Closed sanjayss34 closed 2 years ago
Hi @sanjayss34, thanks for your interest in our work! I haven’t tried using ViT-B/16 so I’m not sure. Could you maybe add a PR or attach your code somehow so I can look it over and see if I find something?
Hi @hila-chefer, I'm also experimenting with ViT-B/16 model and did the exact same process with @sanjayss34 did. I'm not really sure if this is an issue or not, but my hypothesis is that the ViT-B/16 model gives more attention to local behavior since it has a lower patch size compared to ViT-B/32.

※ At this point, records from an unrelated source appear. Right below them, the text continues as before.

lemma rb_iterates:
  assumes cu: "continuous_on Ipi u" and u: "u (-pi) = 0" "u pi = 0"
  defines "d k \<equiv> (rb_op u ^^ k) (\<lambda>_. 0)"
  shows "continuous_on UNIV (d k) \<and> d k (-pi) = 0 \<and> d k pi = 0
    \<and> (\<forall>x. \<bar>d k x\<bar> \<le> alpha_norm N \<alpha> / (1 - alpha_norm N \<alpha>) * sup_norm u)"
proof (induction k)
  case 0
  show ?case
    using sup_norm_nonneg[OF cu] alpha_norm_nonneg alpha_norm_less_one by (simp add: d_def)
next
  case (Suc k)
  define B where "B = alpha_norm N \<alpha> / (1 - alpha_norm N \<alpha>) * sup_norm u"
  have dSuc: "d (Suc k) = rb_op u (d k)" by (simp add: d_def)
  have "\<bar>d k y + u y\<bar> \<le> B + sup_norm u" if "y \<in> Ipi" for y
  proof -
    have "\<bar>d k y\<bar> \<le> B" using Suc.IH unfolding B_def by blast
    then show ?thesis using abs_le_sup_norm[OF cu that] by linarith
  qed
  then have "\<bar>rb_op u (d k) x\<bar> \<le> alpha_norm N \<alpha> * (B + sup_norm u)" for x
    using Suc.IH u by (intro rb_op_abs_le) auto
  moreover have "alpha_norm N \<alpha> * (B + sup_norm u) = B"
    unfolding B_def using alpha_norm_less_one by (simp add: field_simps)
  ultimately show ?case
    using Suc.IH u continuous_rb_op[OF cu] rb_op_endpoints unfolding dSuc B_def by auto
qed

lemma rb_iterates_step:
  assumes cu: "continuous_on Ipi u" and u: "u (-pi) = 0" "u pi = 0"
  defines "d k \<equiv> (rb_op u ^^ k) (\<lambda>_. 0)"
  shows "\<bar>d (Suc k) x - d k x\<bar> \<le> alpha_norm N \<alpha> ^ Suc k * sup_norm u"
proof (induction k arbitrary: x)
  case 0
  have "\<bar>rb_op u (\<lambda>_. 0) x\<bar> \<le> alpha_norm N \<alpha> * sup_norm u"
    using u abs_le_sup_norm[OF cu] by (intro rb_op_abs_le) auto
  then show ?case by (simp add: d_def)
next
  case (Suc k)
  have d: "d k (-pi) = 0" "d k pi = 0" "d (Suc k) (-pi) = 0" "d (Suc k) pi = 0"
    using rb_iterates[OF assms(1-3)] unfolding d_def by blast+
  have "\<bar>d (Suc (Suc k)) x - d (Suc k) x\<bar> = \<bar>rb_op (\<lambda>_. 0) (\<lambda>y. d (Suc k) y - d k y) x\<bar>"
    using rb_op_diff[of u "d (Suc k)" x "d k"] by (simp add: d_def)
  also have "\<dots> \<le> alpha_norm N \<alpha> * (alpha_norm N \<alpha> ^ Suc k * sup_norm u)"
    using Suc.IH d by (intro rb_op_abs_le) auto
  finally show ?case by simp
qed

lemma rb_op_fixed_point:
  assumes cu: "continuous_on Ipi u" and u: "u (-pi) = 0" "u pi = 0"
  obtains D where "continuous_on UNIV D" "D (-pi) = 0" "D pi = 0" "\<And>x. rb_op u D x = D x"
    "\<And>x. \<bar>D x\<bar> \<le> alpha_norm N \<alpha> / (1 - alpha_norm N \<alpha>) * sup_norm u"
proof -
  define d where "d k = (rb_op u ^^ k) (\<lambda>_. 0)" for k
  have d: "continuous_on UNIV (d k)" "d k (-pi) = 0" "d k pi = 0"
    "\<bar>d k x\<bar> \<le> alpha_norm N \<alpha> / (1 - alpha_norm N \<alpha>) * sup_norm u" for k x
    using rb_iterates[OF assms] unfolding d_def by blast+
  have telescope: "(\<lambda>n x. \<Sum>i<n. d (Suc i) x - d i x) = d"
  proof (intro ext)
    fix n x
    show "(\<Sum>i<n. d (Suc i) x - d i x) = d n x"
      using sum_lessThan_telescope[of "\<lambda>i. d i x" n] by (simp add: d_def)
  qed
  have "summable (\<lambda>k. alpha_norm N \<alpha> ^ k)"
    using alpha_norm_nonneg alpha_norm_less_one by (intro summable_geometric) simp
  then have "summable (\<lambda>k. alpha_norm N \<alpha> ^ Suc k * sup_norm u)"
    by (intro summable_mult2) (simp only: summable_Suc_iff)
  then have "uniform_limit UNIV (\<lambda>n x. \<Sum>i<n. d (Suc i) x - d i x)
      (\<lambda>x. \<Sum>i. d (Suc i) x - d i x) sequentially"
  proof (rule Weierstrass_m_test[rotated])
    show "norm (d (Suc i) x - d i x) \<le> alpha_norm N \<alpha> ^ Suc i * sup_norm u" for i x
      using rb_iterates_step[OF assms] unfolding d_def real_norm_def by blast
  qed
  then obtain D where lim: "uniform_limit UNIV d D sequentially"
    unfolding telescope by blast
  then have pointwise: "(\<lambda>k. d k x) \<longlonglongrightarrow> D x" for x
    by (rule tendsto_uniform_limitI) simp
  show ?thesis
  proof
    show "continuous_on UNIV D"
      by (rule uniform_limit_theorem[OF _ lim]) (use d in auto)
    show "D (-pi) = 0" "D pi = 0"
      using pointwise[of "-pi"] pointwise[of pi] by (simp_all add: d LIMSEQ_const_iff)
    show "\<bar>D x\<bar> \<le> alpha_norm N \<alpha> / (1 - alpha_norm N \<alpha>) * sup_norm u" for x
      by (rule LIMSEQ_le_const2[OF tendsto_rabs[OF pointwise[of x]]]) (use d(4) in blast)
    show "rb_op u D x = D x" for x
    proof (rule LIMSEQ_unique)
      show "(\<lambda>k. d (Suc k) x) \<longlonglongrightarrow> D x" using pointwise by (rule LIMSEQ_Suc)
      have "d (Suc k) x = rb_op u (d k) x" for k by (simp add: d_def)
      then show "(\<lambda>k. d (Suc k) x) \<longlonglongrightarrow> rb_op u D x"
        unfolding rb_op_def by (simp only:) (intro tendsto_intros pointwise)
    qed
  qed
qed

definition fif_equation :: "(real \<Rightarrow> real) \<Rightarrow> (real \<Rightarrow> real) \<Rightarrow> (real \<Rightarrow> real) \<Rightarrow> bool" where
  "fif_equation b h g \<longleftrightarrow> continuous_on Ipi g \<and> (\<forall>x. x \<notin> Ipi \<longrightarrow> g x = 0) \<and>
     (\<forall>i\<in>{1..N}. \<forall>x\<in>{xs (i - 1)..xs i}.
        g x = h x + \<alpha> i * (g (aff_L_inv N xs i x) - b (aff_L_inv N xs i x)))"

lemma fif_eq_The: "fif N xs \<alpha> b h = (THE g. fif_equation b h g)"
  unfolding fif_def fif_equation_def ..

lemma fif_equation_unique:
  assumes g: "fif_equation b h g" and g': "fif_equation b h g'"
  shows "g' = g"
proof -
  define e where "e x = g' x - g x" for x
  have ce: "continuous_on Ipi e"
    using g g' unfolding e_def[abs_def] fif_equation_def by (intro continuous_intros) auto
  have "\<bar>e y\<bar> \<le> alpha_norm N \<alpha> * sup_norm e" if y: "y \<in> Ipi" for y
  proof -
    obtain j where j: "j \<in> {1..N}" "y \<in> {xs (j-1)..xs j}" using y by (rule Ipi_pieces_cover)
    define z where "z = aff_L_inv N xs j y"
    have "g' y = h y + \<alpha> j * (g' z - b z)" "g y = h y + \<alpha> j * (g z - b z)"
      using g g' j unfolding fif_equation_def z_def by blast+
    then have "e y = \<alpha> j * e z" unfolding e_def by (simp add: algebra_simps)
    then have "\<bar>e y\<bar> = \<bar>\<alpha> j\<bar> * \<bar>e z\<bar>" by (simp add: abs_mult)
    also have "\<dots> \<le> alpha_norm N \<alpha> * sup_norm e"
      using abs_alpha_le_alpha_norm[OF j(1)] abs_le_sup_norm[OF ce aff_L_inv_in_Ipi[OF j]]
      unfolding z_def by (intro mult_mono) auto
    finally show ?thesis .
  qed
  then have "sup_norm e \<le> alpha_norm N \<alpha> * sup_norm e" by (rule sup_norm_le)
  then have "(1 - alpha_norm N \<alpha>) * sup_norm e \<le> 0" by (simp add: algebra_simps)
  then have e0: "sup_norm e \<le> 0" using alpha_norm_less_one by (simp add: mult_le_0_iff)
  show ?thesis
  proof
    fix x show "g' x = g x"
      using abs_le_sup_norm[OF ce, of x] e0 g g' unfolding e_def fif_equation_def
      by (cases "x \<in> Ipi") auto
  qed
qed

lemma
  assumes ch: "continuous_on Ipi h" and cb: "continuous_on Ipi b"
    and ends: "h (-pi) = b (-pi)" "h pi = b pi"
  shows continuous_fif: "continuous_on Ipi (fif N xs \<alpha> b h)"
    and fif_minus_abs_le:
      "x \<in> Ipi \<Longrightarrow> \<bar>fif N xs \<alpha> b h x - h x\<bar> \<le> alpha_norm N \<alpha> / (1 - alpha_norm N \<alpha>) * sup_norm (\<lambda>x. h x - b x)"
proof -
  define u where "u x = h x - b x" for x
  have cu: "continuous_on Ipi u"
    unfolding u_def[abs_def] using ch cb by (intro continuous_intros)
  have u: "u (-pi) = 0" "u pi = 0" using ends unfolding u_def by auto
  obtain D where cD: "continuous_on UNIV D" and D: "D (-pi) = 0" "D pi = 0"
    and fixed: "\<And>x. rb_op u D x = D x"
    and bound: "\<And>x. \<bar>D x\<bar> \<le> alpha_norm N \<alpha> / (1 - alpha_norm N \<alpha>) * sup_norm u"
    using rb_op_fixed_point[OF cu u] by blast
  define g where "g x = (if x \<in> Ipi then h x + D x else 0)" for x
  have "fif_equation b h g"
    unfolding fif_equation_def
  proof (intro conjI ballI allI impI)
    have "continuous_on Ipi (\<lambda>x. h x + D x)"
      using ch continuous_on_subset[OF cD] by (intro continuous_intros) auto
    then show "continuous_on Ipi g" by (rule continuous_on_eq) (simp add: g_def)
    fix i x assume i: "i \<in> {1..N}" and x: "x \<in> {xs (i - 1)..xs i}"
    define y where "y = aff_L_inv N xs i x"
    have "D x = \<alpha> i * (D y + u y)"
      using fixed[of x] rb_op_on_piece[OF _ _ i x] D u unfolding y_def by simp
    moreover have "x \<in> Ipi" "y \<in> Ipi"
      using piece_subset_Ipi[OF i] x aff_L_inv_in_Ipi[OF i x] unfolding y_def by auto
    ultimately show "g x = h x + \<alpha> i * (g (aff_L_inv N xs i x) - b (aff_L_inv N xs i x))"
      unfolding g_def y_def[symmetric] u_def by (simp add: algebra_simps)
  qed (simp add: g_def)
  then have fif: "fif N xs \<alpha> b h = g"
    unfolding fif_eq_The by (metis fif_equation_unique the_equality)
  show "continuous_on Ipi (fif N xs \<alpha> b h)"
    using \<open>fif_equation b h g\<close> unfolding fif fif_equation_def by blast
  show "\<bar>fif N xs \<alpha> b h x - h x\<bar> \<le> alpha_norm N \<alpha> / (1 - alpha_norm N \<alpha>) * sup_norm (\<lambda>x. h x - b x)"
    if "x \<in> Ipi"
    using bound[of x] that unfolding fif g_def u_def[abs_def] by simp
qed

end

lemma trig_poly_continuous_periodic:
  assumes "trig_poly m p"
  shows "continuous_on UNIV p" "p (-pi) = p pi"
proof -
  obtain a b :: "nat \<Rightarrow> real" where
    "\<And>x. p x = a 0 + (\<Sum>k=1..m. a k * cos (real k * x) + b k * sin (real k * x))"
    using assms unfolding trig_poly_def by blast
  then have p: "p = (\<lambda>x. a 0 + (\<Sum>k=1..m. a k * cos (real k * x) + b k * sin (real k * x)))"
    by (intro ext) simp
  show "continuous_on UNIV p" unfolding p by (intro continuous_intros)
  show "p (-pi) = p pi" unfolding p by simp
qed

lemma rat_trig_subset_C2pi: "rat_trig m n \<subseteq> C2pi"
proof
  fix r assume "r \<in> rat_trig m n"
  then obtain p q where r: "r = (\<lambda>x. p x / q x)" and pq: "trig_poly m p" "trig_poly n q"
    and q: "\<forall>x\<in>Ipi. q x > 0" unfolding rat_trig_def by blast
  have "continuous_on Ipi r" unfolding r
    using trig_poly_continuous_periodic[OF pq(1)] trig_poly_continuous_periodic[OF pq(2)] q
    by (intro continuous_on_divide) (auto intro: continuous_on_subset)
  moreover have "r (-pi) = r pi"
    unfolding r using trig_poly_continuous_periodic[OF pq(1)] trig_poly_continuous_periodic[OF pq(2)]
    by simp
  ultimately show "r \<in> C2pi" unfolding C2pi_def by simp
qed

lemma rat_trig_nonempty: "rat_trig m n \<noteq> {}"
proof -
  have "trig_poly m (\<lambda>x. 0)" unfolding trig_poly_def
    by (rule exI[of _ "\<lambda>k. 0"], rule exI[of _ "\<lambda>k. 0"]) simp
  moreover have "trig_poly n (\<lambda>x. 1)" unfolding trig_poly_def
    by (rule exI[of _ "\<lambda>k. if k = 0 then 1 else 0"], rule exI[of _ "\<lambda>k. 0"]) simp
  ultimately have "(\<lambda>x. 0 / 1) \<in> rat_trig m n" unfolding rat_trig_def by force
  then show ?thesis by blast
qed

lemma C2pi_continuous_on: "f \<in> C2pi \<Longrightarrow> continuous_on Ipi f"
  unfolding C2pi_def by blast

lemma
  assumes "admissible_op N xs L"
  shows admissible_op_C2pi: "f \<in> C2pi \<Longrightarrow> L f \<in> C2pi"
    and admissible_op_cong:
      "f \<in> C2pi \<Longrightarrow> g \<in> C2pi \<Longrightarrow> (\<And>x. x \<in> Ipi \<Longrightarrow> f x = g x) \<Longrightarrow> x \<in> Ipi \<Longrightarrow> L f x = L g x"
    and admissible_op_scale: "f \<in> C2pi \<Longrightarrow> x \<in> Ipi \<Longrightarrow> L (\<lambda>t. c * f t) x = c * L f x"
    and admissible_op_bounded: "\<exists>K. \<forall>f\<in>C2pi. sup_norm (L f) \<le> K * sup_norm f"
    and admissible_op_endpoints: "f \<in> C2pi \<Longrightarrow> L f (xs 0) = f (xs 0) \<and> L f (xs N) = f (xs N)"
  using assms unfolding admissible_op_def by blast+

lemma admissible_op_vanishing:
  assumes L: "admissible_op N xs L" and f: "f \<in> C2pi" and f0: "\<And>x. x \<in> Ipi \<Longrightarrow> f x = 0"
    and x: "x \<in> Ipi"
  shows "L f x = 0"
proof -
  have "(\<lambda>t. 0 * f t) \<in> C2pi" unfolding C2pi_def by simp
  then have "L f x = L (\<lambda>t. 0 * f t) x"
    using f0 by (intro admissible_op_cong[OF L f _ _ x]) auto
  then show ?thesis using admissible_op_scale[OF L f x, of 0] by simp
qed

Can you please help me to confirm whether my hypothesis is correct or not? Hereby I attached the code and some of the comparison between ViT-B/16 and ViT-B/32, following this amazing notebook you've prepared.
Code:
# Add the link to ViT-B/16 in the_MODELS dictionary
clip.clip._MODELS = {
"RN50": "https://openaipublic.azureedge.net/clip/models/afeb0e10f9e5a86da6080e35cf09123aca3b358a0c3e3b6c78a7b63bc04b6762/RN50.pt",
"RN101": "https://openaipublic.azureedge.net/clip/models/8fa8567bab74a42d41c5915025a8e4538c3bdbe8804a470a72f30b0d94fab599/RN101.pt",
"RN50x4": "https://openaipublic.azureedge.net/clip/models/7e526bd135e493cef0776de27d5f42653e6b4c8bf9e0f653bb11773263205fdd/RN50x4.pt",
"RN50x16": "https://openaipublic.azureedge.net/clip/models/52378b407f34354e150460fe41077663dd5b39c54cd0bfd2b27167a4a06ec9aa/RN50x16.pt",
"ViT-B/32": "https://openaipublic.azureedge.net/clip/models/40d365715913c9da98579312b702a82c18be219cc2a73407c4526f58eba950af/ViT-B-32.pt",
"ViT-B/16": "https://openaipublic.azureedge.net/clip/models/5806e77cd80f8b59890b7e101eabd078d9fb84e6937f9e85e4ecb61988df416f/ViT-B-16.pt",
}
# Change the reshape in interpret from (1, 1, 7, 7) to (1, 1, dim, dim)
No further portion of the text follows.